Type a prompt and observe the output to ensure everything is working correctly.

### Interact with Ollama in Python



In [None]:
import ollama

response = ollama.generate(model="llama3", prompt="What is EPFL?", stream=True)

for r in response:
    print(r["response"], end="")

EPFL stands for École Polytechnique Fédérale de Lausanne, which is a Swiss federal institute of technology located in Lausanne, Switzerland. It is one of the two Swiss Federal Institutes of Technology (the other being ETH Zurich), and it is considered one of the best technical universities in the world.

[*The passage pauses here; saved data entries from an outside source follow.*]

(* Let $\Theta \subseteq \mathbb{R}^d$, let $U:\mathbb{R}^d \to \mathbb{R}$ be a differentiable energy function, and fix a step size $\epsilon>0$, a momentum scale $\sigma>0$, a friction parameter $\beta>0$ and an integer $T \ge 1$. Let $\pi(\theta) \propto \exp(-U(\theta))$ on $\Theta$, and let $\pi(\theta, r) \propto \exp\!\big(-U(\theta) - \tfrac{1}{2\sigma^2}\|r\|^2\big)$ on $\Theta \times \mathbb{R}^d$. Consider the Markov chain (AMAGOLD) whose state is $(\theta, r) \in \Theta\times\mathbb{R}^d$ and one transition of which is: 1. (Optionally) resample the momentum $r \sim \mathcal{N}(0, \sigma^2 I)$. 2. Set $r_{-1/2} = r$, $\rho_{-1/2} = 0$, and $\theta_0 = \theta + \tfrac12 \epsilon \sigma^{-2} r_{-1/2}$. 3. For $t = 0, 1, \ldots, T-1$: if $t \neq 0$, set $\theta_t = \theta_{t-1} + \epsilon \sigma^{-2} r_{t-1/2}$; sample $\eta_t \sim \mathcal{N}(0, 4\epsilon\beta\sigma^2 I)$; sample a random energy component $\tilde U_t$; set $r_{t+1/2} = \big((1-\epsilon\beta) r_{t-1/2} - \epsilon \nabla \tilde U_t(\theta_t) + \eta_t\big)/(1+\epsilon\beta)$ and $\rho_{t+1/2} = \rho_{t-1/2} + \tfrac12 \epsilon\sigma^{-2} \nabla \tilde U_t(\theta_t)^{\top}(r_{t-1/2} + r_{t+1/2})$. 4. Set $\theta_T = \theta_{T-1} + \tfrac12 \epsilon\sigma^{-2} r_{T-1/2}$, $\theta^* = \theta_T$, $r^* = r_{T-1/2}$, and $a = \exp\big(U(\theta) - U(\theta^* ) + \rho_{T-1/2}\big)$. 5. With probability $\min(1,a)$ (and provided $\theta^* \in \Theta$) move to $(\theta, r) \leftarrow (\theta^*, r^* )$; otherwise set $r \leftarrow -r_{-1/2}$ (keeping $\theta$). If the momentum is resampled in step 1 at every transition, then this Markov chain (viewed as a chain on $\theta$) is reversible with stationary distribution $\pi(\theta)$. If the momentum is not resampled, the Markov chain on $(\theta, r)$ is skew-reversible with respect to the involution $(\theta,r)^\perp = (\theta,-r)$, and its stationary distribution is $\pi(\theta, r)$ (whose $\theta$-marginal is $\pi(\theta)$).
   Context: The random energy components $\tilde U_0, \ldots, \tilde U_{T-1}$ are random differentiable functions (e.g. minibatch estimates $\tilde U(\theta) = -\frac{|\mathcal D|}{|\tilde{\mathcal D}|}\sum_{x\in\tilde{\mathcal D}} \log p(x\mid\theta) - \log p(\theta)$ of $U(\theta) = -\sum_{x\in\mathcal D}\log p(x\mid\theta) - \log p(\theta)$) drawn i.i.d. from a fixed distribution, independently of the state and of the Gaussian noise. A Markov chain with transition kernel $G$ is reversible with respect to $\pi$ if $\pi(x)G(x,y) = \pi(y)G(y,x)$ for all states $x,y$. Given a measure-preserving involution $x \mapsto x^\perp$ of the state space, $G$ is skew-reversible if $\pi(x) = \pi(x^\perp)$ and $\pi(x) G(x,y) = \pi(y^\perp) G(y^\perp, x^\perp)$ for all $x, y$. *)

theory Defs
  imports "HOL-Probability.Probability"
begin

definition gauss_vec :: "real \<Rightarrow> (real^'d) measure" where
  "gauss_vec s = density lborel (\<lambda>x. ennreal (\<Prod>i\<in>UNIV. normal_density 0 s (x $ i)))"

definition mom_upd :: "real \<Rightarrow> real \<Rightarrow> (real^'d) \<Rightarrow> (real^'d) \<Rightarrow> (real^'d) \<Rightarrow> (real^'d)" where
  "mom_upd eps beta g eta rm =
     (1 / (1 + eps * beta)) *\<^sub>R ((1 - eps * beta) *\<^sub>R rm - eps *\<^sub>R g + eta)"

definition rho_upd :: "real \<Rightarrow> real \<Rightarrow> (real^'d) \<Rightarrow> (real^'d) \<Rightarrow> (real^'d) \<Rightarrow> real \<Rightarrow> real" where
  "rho_upd eps sig g rm rp rhom = rhom + (eps / (2 * sig\<^sup>2)) * (g \<bullet> (rm + rp))"

text \<open>amag_pre ... t = (theta_t, r_{t-1/2}, rho_{t-1/2}) for the inner loop
  (eta t = eta_t, u t = index of the random energy component U~_t,
   gU u = gradient of U~ indexed by u).\<close>
fun amag_pre :: "real \<Rightarrow> real \<Rightarrow> real \<Rightarrow> ('u \<Rightarrow> (real^'d) \<Rightarrow> (real^'d)) \<Rightarrow> (real^'d) \<Rightarrow> (real^'d)
    \<Rightarrow> (nat \<Rightarrow> (real^'d)) \<Rightarrow> (nat \<Rightarrow> 'u) \<Rightarrow> nat \<Rightarrow> (real^'d) \<times> (real^'d) \<times> real" where
  "amag_pre eps sig beta gU th r eta u 0 = (th + (eps / (2 * sig\<^sup>2)) *\<^sub>R r, r, 0)"
| "amag_pre eps sig beta gU th r eta u (Suc t) =
     (case amag_pre eps sig beta gU th r eta u t of (tht, rm, rhom) \<Rightarrow>
        let g = gU (u t) tht; rp = mom_upd eps beta g (eta t) rm
        in (tht + (eps / sig\<^sup>2) *\<^sub>R rp, rp, rho_upd eps sig g rm rp rhom))"

text \<open>Proposal (theta*, r*, rho_{T-1/2}) after the last inner step t = T-1 and the
  final half position step theta_T = theta_{T-1} + eps/(2 sig^2) r_{T-1/2}.\<close>
definition amag_prop :: "real \<Rightarrow> real \<Rightarrow> real \<Rightarrow> ('u \<Rightarrow> (real^'d) \<Rightarrow> (real^'d)) \<Rightarrow> (real^'d) \<Rightarrow> (real^'d)
    \<Rightarrow> (nat \<Rightarrow> (real^'d)) \<Rightarrow> (nat \<Rightarrow> 'u) \<Rightarrow> nat \<Rightarrow> (real^'d) \<times> (real^'d) \<times> real" where
  "amag_prop eps sig beta gU th r eta u T =
     (case amag_pre eps sig beta gU th r eta u (T - 1) of (tht, rm, rhom) \<Rightarrow>
        let g = gU (u (T - 1)) tht; rp = mom_upd eps beta g (eta (T - 1)) rm
        in (tht + (eps / (2 * sig\<^sup>2)) *\<^sub>R rp, rp, rho_upd eps sig g rm rp rhom))"

text \<open>One AMAGOLD transition (steps 2-5) from state (th, r), given the noise
  w t = (eta_t, u_t) and a uniform variable v in [0,1] used for the accept test.\<close>
definition amag_step :: "(real^'d) set \<Rightarrow> ((real^'d) \<Rightarrow> real) \<Rightarrow> real \<Rightarrow> real \<Rightarrow> real
    \<Rightarrow> ('u \<Rightarrow> (real^'d) \<Rightarrow> (real^'d)) \<Rightarrow> nat \<Rightarrow> (real^'d) \<times> (real^'d)
    \<Rightarrow> (nat \<Rightarrow> (real^'d) \<times> 'u) \<times> real \<Rightarrow> (real^'d) \<times> (real^'d)" where
  "amag_step Theta U eps sig beta gU T x \<omega> =
     (case x of (th, r) \<Rightarrow> case \<omega> of (w, v) \<Rightarrow>
      case amag_prop eps sig beta gU th r (\<lambda>t. fst (w t)) (\<lambda>t. snd (w t)) T of
        (ths, rs, rhos) \<Rightarrow>
          if ths \<in> Theta \<and> v < min 1 (exp (U th - U ths + rhos)) then (ths, rs) else (th, - r))"

definition amag_noise :: "real \<Rightarrow> real \<Rightarrow> real \<Rightarrow> 'u measure \<Rightarrow> nat
    \<Rightarrow> ((nat \<Rightarrow> (real^'d) \<times> 'u) \<times> real) measure" where
  "amag_noise eps sig beta Q T =
     (PiM {..<T} (\<lambda>_. (gauss_vec (sqrt (4 * eps * beta * sig\<^sup>2)) :: (real^'d) measure) \<Otimes>\<^sub>M Q))
       \<Otimes>\<^sub>M uniform_measure lborel {0..1::real}"

definition amag_kernel :: "(real^'d) set \<Rightarrow> ((real^'d) \<Rightarrow> real) \<Rightarrow> real \<Rightarrow> real \<Rightarrow> real
    \<Rightarrow> ('u \<Rightarrow> (real^'d) \<Rightarrow> (real^'d)) \<Rightarrow> 'u measure \<Rightarrow> nat
    \<Rightarrow> (real^'d) \<times> (real^'d) \<Rightarrow> ((real^'d) \<times> (real^'d)) measure" where
  "amag_kernel Theta U eps sig beta gU Q T x =
     distr (amag_noise eps sig beta Q T) borel (amag_step Theta U eps sig beta gU T x)"

definition amag_kernel_resample :: "(real^'d) set \<Rightarrow> ((real^'d) \<Rightarrow> real) \<Rightarrow> real \<Rightarrow> real \<Rightarrow> real
    \<Rightarrow> ('u \<Rightarrow> (real^'d) \<Rightarrow> (real^'d)) \<Rightarrow> 'u measure \<Rightarrow> nat
    \<Rightarrow> (real^'d) \<Rightarrow> (real^'d) measure" where
  "amag_kernel_resample Theta U eps sig beta gU Q T th =
     distr (gauss_vec sig \<Otimes>\<^sub>M amag_noise eps sig beta Q T) borel
       (\<lambda>(r, \<omega>). fst (amag_step Theta U eps sig beta gU T (th, r) \<omega>))"

definition pi_theta :: "(real^'d) set \<Rightarrow> ((real^'d) \<Rightarrow> real) \<Rightarrow> (real^'d) \<Rightarrow> real" where
  "pi_theta Theta U th =
     indicator Theta th * exp (- U th) / (\<integral>t. indicator Theta t * exp (- U t) \<partial>lborel)"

EPFL was founded in 1853 as the École d'ingénieurs de l'état, and it has since grown to become a leading institution in Switzerland for education and research in science, technology, engineering, and mathematics (STEM). The university has a strong reputation for its programs in fields such as computer science, electrical engineering, mechanical engineering, physics, chemistry, biology, and more.

EPFL is known for its innovative teaching methods, which emphasize hands-on learning and collaboration between students and professors. The university also has a strong research focus, with many faculty members being world-renowned experts in their fields. EPFL has partnerships with other lead

## Exercise 2 - Getting Started with LlamaIndex and ChromaDB

**LlamaIndex** ([official site](https://llamaindex.ai)) is a framework for connecting LLMs with data sources, enabling efficient retrieval and interaction with structured or unstructured data.

**Chroma** ([official site](https://www.trychroma.com)) is a vector database designed for managing embeddings and serving as a retrieval layer for LLM applications.

In this exercise, we’ll explore how to set up and use LlamaIndex to index and retrieve data in a **Chroma** database.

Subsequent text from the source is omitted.